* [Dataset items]
========
(* Let $V$ be a fixed real-valued score function, $X_1,\dots,X_{n+1}\in\mathbb R^p$, calibration scores $V_1\le V_2\le\dots\le V_n$ (indexed in increasing order), and $H:\mathbb R^p\times\mathbb R^p\to[0,1]$ a localizer with $H(x,x)=1$; put $H_{ij}=H(X_i,X_j)$ and $p^H_{ij}=H_{ij}/\sum_{k=1}^{n+1}H_{ik}$. For $v\in\mathbb R\cup\{\pm\infty\}$ let $\hat{\mathcal F}_i(v)=\sum_{j=1}^{n}p^H_{ij}\delta_{V_j}+p^H_{i,n+1}\delta_v$, and $\hat{\mathcal F}=\sum_{j=1}^np^H_{n+1,j}\delta_{V_j}+p^H_{n+1,n+1}\delta_{+\infty}$. Fix $\alpha\in(0,1)$, let $\Gamma=\{\sum_{k\in I}p^H_{ik}: i\in\{1,\dots,n+1\},\ I\subseteq\{1,\dots,n+1\}\}$, and for each $v$ let $\tilde\alpha(v)$ be the smallest $\tilde\alpha\in\Gamma$ with $\frac{1}{n+1}\sum_{i=1}^{n+1}\mathbb 1\{V_i\le Q(\tilde\alpha;\hat{\mathcal F}_i(v))\}\ge\alpha$ (with $V_{n+1}=v$ in this sum); set $C_V(X_{n+1})=\{v: v\le Q(\tilde\alpha(v);\hat{\mathcal F})\}$. Let $\overline V_0=-\infty$, $\overline V_i=V_i$ for $1\le i\le n$, $\overline V_{n+1}=+\infty$. For $i=1,\dots,n+1$ let $\ell(i)=\max\{i'\in\{1,\dots,n\}: V_{i'}<\overline V_i\}$ (with $\max\emptyset=0$), $\theta_i=\sum_{j=1}^{\ell(i)}p^H_{ij}$ and $\tilde\theta_i=\sum_{j=1}^{\ell(i)}p^H_{n+1,j}$ (both $0$ if $\ell(i)=0$). For $k=1,\dots,n+1$ let $$S(k)=\frac{1}{n+1}\sum_{i=1}^{n}\mathbb 1\{V_i\le Q(\tilde\theta_k;\hat{\mathcal F}_i(\overline V_{\ell(k)}))\}.$$ Then: 1. If $k^*$ is the largest index $k\in\{1,\dots,n+1\}$ with $S(k)<\alpha$, then $\{v: v\le\overline V_{k^*}\}$ is the closure of $C_V(X_{n+1})$. 2. Partition the calibration indices $\{1,\dots,n\}$ into $A_1=\{i:p^H_{i,n+1}+\theta_i<\tilde\theta_i\}$, $A_2=\{i:\theta_i\ge\tilde\theta_i\}$, $A_3=\{i: p^H_{i,n+1}+\theta_i\ge\tilde\theta_i,\ \theta_i<\tilde\theta_i\}$. Then for every $k=1,\dots,n+1$, $$S(k)=\frac{1}{n+1}\Big(\sum_{i\in A_1}\mathbb 1\{\theta_i+p^H_{i,n+1}<\tilde\theta_k\}+\sum_{i\in A_2}\mathbb 1\{\theta_i<\tilde\theta_k\}+\sum_{i\in A_3}\mathbb 1\{\ell(i)<\ell(k)\}\Big).$$
   Context: For a distribution $\mathcal F$ on $\mathbb R\cup\{\pm\infty\}$, $Q(\alpha;\mathcal F)=\inf\{t:\mathbb P_{T\sim\mathcal F}(T\le t)\ge\alpha\}$; $\delta_v$ is the point mass at $v$. *)

theory Defs
  imports "HOL-Analysis.Analysis"
begin

definition pH :: "nat \<Rightarrow> (real^'p \<Rightarrow> real^'p \<Rightarrow> real) \<Rightarrow> (nat \<Rightarrow> real^'p) \<Rightarrow> nat \<Rightarrow> nat \<Rightarrow> real" where
  "pH n H X i j = H (X i) (X j) / (\<Sum>k=1..n+1. H (X i) (X k))"
lemma perturbed_pair_scrambled:
  assumes "distr_irregular y" "l \<noteq> l'" "0 < \<delta>"
  shows "lower_dens {j. lpv_dist p v ((bshift ^^ j) (perturbed y r l)) ((bshift ^^ j) (perturbed y r' l')) < 1} = 0"
    and "upper_dens {j. lpv_dist p v ((bshift ^^ j) (perturbed y r l)) ((bshift ^^ j) (perturbed y r' l')) < \<delta>} = 1"
proof -
  have y: "y \<in> lpv_space p v"
    and large: "\<And>c. upper_dens {n. c \<le> normp ((bshift ^^ n) y)} = 1"
    and small: "\<And>\<delta>. 0 < \<delta> \<Longrightarrow> upper_dens {n. normp ((bshift ^^ n) y) < \<delta>} = 1"
    using assms(1) by (auto simp: distr_irregular_def)
  define c where "c = \<bar>l - l'\<bar> powr p"
  have "0 < c"
    using assms(2) by (simp add: c_def)
  define L where "L = max (rat_seq_len r) (rat_seq_len r')"
  have key: "lpv_dist p v ((bshift ^^ j) (perturbed y r l)) ((bshift ^^ j) (perturbed y r' l')) < t
      \<longleftrightarrow> c * normp ((bshift ^^ j) y) < t powr p" if "L \<le> j" "0 < t" for j t
    using lpv_dist_less_iff[OF bshift_pow_in_lpv_space(1)[OF perturbed_in_lpv_space[OF y]]
        bshift_pow_in_lpv_space(1)[OF perturbed_in_lpv_space[OF y]] \<open>0 < t\<close>]
      normp_bshift_pow_perturbed_diff[OF y, of r j r' l l'] that(1)
    by (simp add: c_def L_def)
  show "lower_dens {j. lpv_dist p v ((bshift ^^ j) (perturbed y r l)) ((bshift ^^ j) (perturbed y r' l')) < 1} = 0"
    unfolding lower_dens_eq_0_iff_upper_dens_Compl
  proof (rule upper_dens_eq_1_mono[OF large[of "1 / c"], where L = L])
    fix j
    assume "L \<le> j" "j \<in> {n. 1 / c \<le> normp ((bshift ^^ n) y)}"
    then show "j \<in> - {j. lpv_dist p v ((bshift ^^ j) (perturbed y r l)) ((bshift ^^ j) (perturbed y r' l')) < 1}"
      using key[of j 1] \<open>0 < c\<close> by (simp add: field_simps)
  qed
  show "upper_dens {j. lpv_dist p v ((bshift ^^ j) (perturbed y r l)) ((bshift ^^ j) (perturbed y r' l')) < \<delta>} = 1"
  proof (rule upper_dens_eq_1_mono[OF small[of "\<delta> powr p / c"], where L = L])
    show "0 < \<delta> powr p / c"
      using \<open>0 < c\<close> \<open>0 < \<delta>\<close> by simp
    fix j
    assume "L \<le> j" "j \<in> {n. normp ((bshift ^^ n) y) < \<delta> powr p / c}"
    then show "j \<in> {j. lpv_dist p v ((bshift ^^ j) (perturbed y r l)) ((bshift ^^ j) (perturbed y r' l')) < \<delta>}"
      using key[of j \<delta>] \<open>0 < c\<close> \<open>0 < \<delta>\<close> by (simp add: field_simps)
  qed
qed

lemma normp_scale_small:
  assumes "y \<in> lpv_space p v" "0 < b"
  obtains \<rho> where "0 < \<rho>" "\<And>l. 0 \<le> l \<Longrightarrow> l < \<rho> \<Longrightarrow> normp (\<lambda>m. complex_of_real l * y m) < b"
proof
  define K where "K = normp y + 1"
  have "0 < K"
    using normp_nonneg[OF assms(1)] by (simp add: K_def)
  show "0 < (b / K) powr (1 / p)"
    using \<open>0 < K\<close> assms(2) by simp
  fix l :: real
  assume "0 \<le> l" "l < (b / K) powr (1 / p)"
  then have "l powr p < ((b / K) powr (1 / p)) powr p"
    using p_pos by (intro powr_less_mono2) auto
  also have "\<dots> = b / K"
    using \<open>0 < K\<close> assms(2) p_pos by (simp add: powr_powr)
  finally have "l powr p * normp y \<le> b / K * normp y"
    using normp_nonneg[OF assms(1)] by (intro mult_right_mono) auto
  also have "\<dots> < b"
    using \<open>0 < K\<close> assms(2) by (simp add: K_def field_simps)
  finally show "normp (\<lambda>m. complex_of_real l * y m) < b"
    using lpv_space_scale(2)[OF assms(1)] \<open>0 \<le> l\<close> by simp
qed

lemma chaos_set_dense:
  assumes y: "y \<in> lpv_space p v" and x: "x \<in> lpv_space p v" and "0 < e"
  shows "\<exists>z\<in>chaos_set y. lpv_dist p v x z < e"
proof -
  define b where "b = e powr p / (2 * 2 powr p)"
  have "0 < b"
    using \<open>0 < e\<close> by (simp add: b_def)
  obtain r where r: "normp (x - rat_seq r) < b"
    using rat_seq_dense[OF x \<open>0 < b\<close>] by blast
  obtain \<rho> where "0 < \<rho>" and \<rho>: "\<And>l. 0 \<le> l \<Longrightarrow> l < \<rho> \<Longrightarrow> normp (\<lambda>m. complex_of_real l * y m) < b"
    using normp_scale_small[OF y \<open>0 < b\<close>] by blast
  obtain k where k: "(1 / 2) ^ k < \<rho>"
    using real_arch_pow_inv[OF \<open>0 < \<rho>\<close>, of "1 / 2"] by auto
  define q where "q = prod_encode (r, k)"
  define l :: real where "l = 3 / 4 * (1 / 2) ^ q"
  have l: "(1 / 2) ^ Suc q < l" "l < (1 / 2) ^ q"
    by (auto simp: l_def)
  have "(1 / 2 :: real) ^ q \<le> (1 / 2) ^ k"
    unfolding q_def by (intro power_decreasing le_prod_encode_2) auto
  then have "l < \<rho>"
    using l(2) k by linarith
  then have small: "normp (\<lambda>m. complex_of_real l * y m) < b"
    by (intro \<rho>) (auto simp: l_def)
  have mem: "perturbed y r l \<in> chaos_set y"
    unfolding chaos_set_def using l by (intro CollectI exI[of _ q] exI[of _ l]) (simp add: q_def)
  have "x - perturbed y r l = (x - rat_seq r) - (\<lambda>m. complex_of_real l * y m)"
    by (simp add: perturbed_def fun_eq_iff)
  then have "normp (x - perturbed y r l) \<le> 2 powr p * (normp (x - rat_seq r) + normp (\<lambda>m. complex_of_real l * y m))"
    using lpv_space_diff(2)[OF lpv_space_diff(1)[OF x rat_seq_in_lpv_space] lpv_space_scale(1)[OF y]] by simp
  also have "\<dots> < 2 powr p * (b + b)"
    using r small by (intro mult_strict_left_mono) auto
  also have "\<dots> = e powr p"
    by (simp add: b_def)
  finally have "lpv_dist p v x (perturbed y r l) < e"
    using lpv_dist_less_iff[OF x perturbed_in_lpv_space[OF y] \<open>0 < e\<close>] by simp
  with mem show ?thesis
    by blast
qed

lemma distr_irregular_imp_dense_dc:
  assumes irr: "distr_irregular y"
  shows "dense_distr_chaotic_B p v"
proof -
  have y: "y \<in> lpv_space p v"
    using irr by (simp add: distr_irregular_def)
  obtain n where "1 \<le> normp ((bshift ^^ n) y)"
    using upper_dens_eq_1_imp_nonempty irr unfolding distr_irregular_def by blast
  moreover have "normp ((bshift ^^ n) y) = 0" if "\<forall>m. y m = 0"
  proof -
    have "(bshift ^^ n) y = (\<lambda>_. 0)"
      using that by (simp add: bshift_pow fun_eq_iff)
    then show ?thesis
      by (simp add: normp_def)
  qed
  ultimately obtain m where "y m \<noteq> 0"
    by force
  have scrambled: "lower_dens {j. lpv_dist p v ((bshift ^^ j) x) ((bshift ^^ j) x') < 1} = 0 \<and>
      upper_dens {j. lpv_dist p v ((bshift ^^ j) x) ((bshift ^^ j) x') < \<delta>} = 1"
    if pair: "x \<in> chaos_set y" "x' \<in> chaos_set y" "x \<noteq> x'" "0 < \<delta>" for x x' \<delta>
  proof -
    obtain q l q' l' where x: "x = perturbed y (fst (prod_decode q)) l" "(1 / 2) ^ Suc q < l" "l < (1 / 2) ^ q"
      and x': "x' = perturbed y (fst (prod_decode q')) l'" "(1 / 2) ^ Suc q' < l'" "l' < (1 / 2) ^ q'"
      using pair(1,2) unfolding chaos_set_def by blast
    have "l \<noteq> l'"
      using dyadic_index_unique[of q l q'] x x' pair(3) by auto
    then show ?thesis
      unfolding x(1) x'(1) using perturbed_pair_scrambled[OF irr _ pair(4)] by blast
  qed
  show ?thesis
    unfolding dense_distr_chaotic_B_def dc_set_def
  proof (intro exI[of _ "chaos_set y"] conjI)
    show "chaos_set y \<subseteq> lpv_space p v"
      using perturbed_in_lpv_space[OF y] by (auto simp: chaos_set_def)
    show "uncountable (chaos_set y)"
      using uncountable_chaos_set[of y m, OF \<open>y m \<noteq> 0\<close>] .
    show "\<exists>\<epsilon>>0. \<forall>\<delta>>0. \<forall>x\<in>chaos_set y. \<forall>x'\<in>chaos_set y. x \<noteq> x' \<longrightarrow>
        lower_dens {j. lpv_dist p v ((bshift ^^ j) x) ((bshift ^^ j) x') < \<epsilon>} = 0 \<and>
        upper_dens {j. lpv_dist p v ((bshift ^^ j) x) ((bshift ^^ j) x') < \<delta>} = 1"
      using scrambled by (intro exI[of _ 1]) auto
    show "\<forall>x\<in>lpv_space p v. \<forall>e>0. \<exists>z\<in>chaos_set y. lpv_dist p v x z < e"
      using chaos_set_dense[OF y] by blast
  qed
qed

end

section \<open>From distributional chaos to the criterion\<close>

context weighted_backward_shift
begin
========
Among the records, find each line where the word "forall" occurs, and copy it.

  moreover have "normp ((bshift ^^ n) y) = 0" if "\<forall>m. y m = 0"
    show "\<exists>\<epsilon>>0. \<forall>\<delta>>0. \<forall>x\<in>chaos_set y. \<forall>x'\<in>chaos_set y. x \<noteq> x' \<longrightarrow>
    show "\<forall>x\<in>lpv_space p v. \<forall>e>0. \<exists>z\<in>chaos_set y. lpv_dist p v x z < e"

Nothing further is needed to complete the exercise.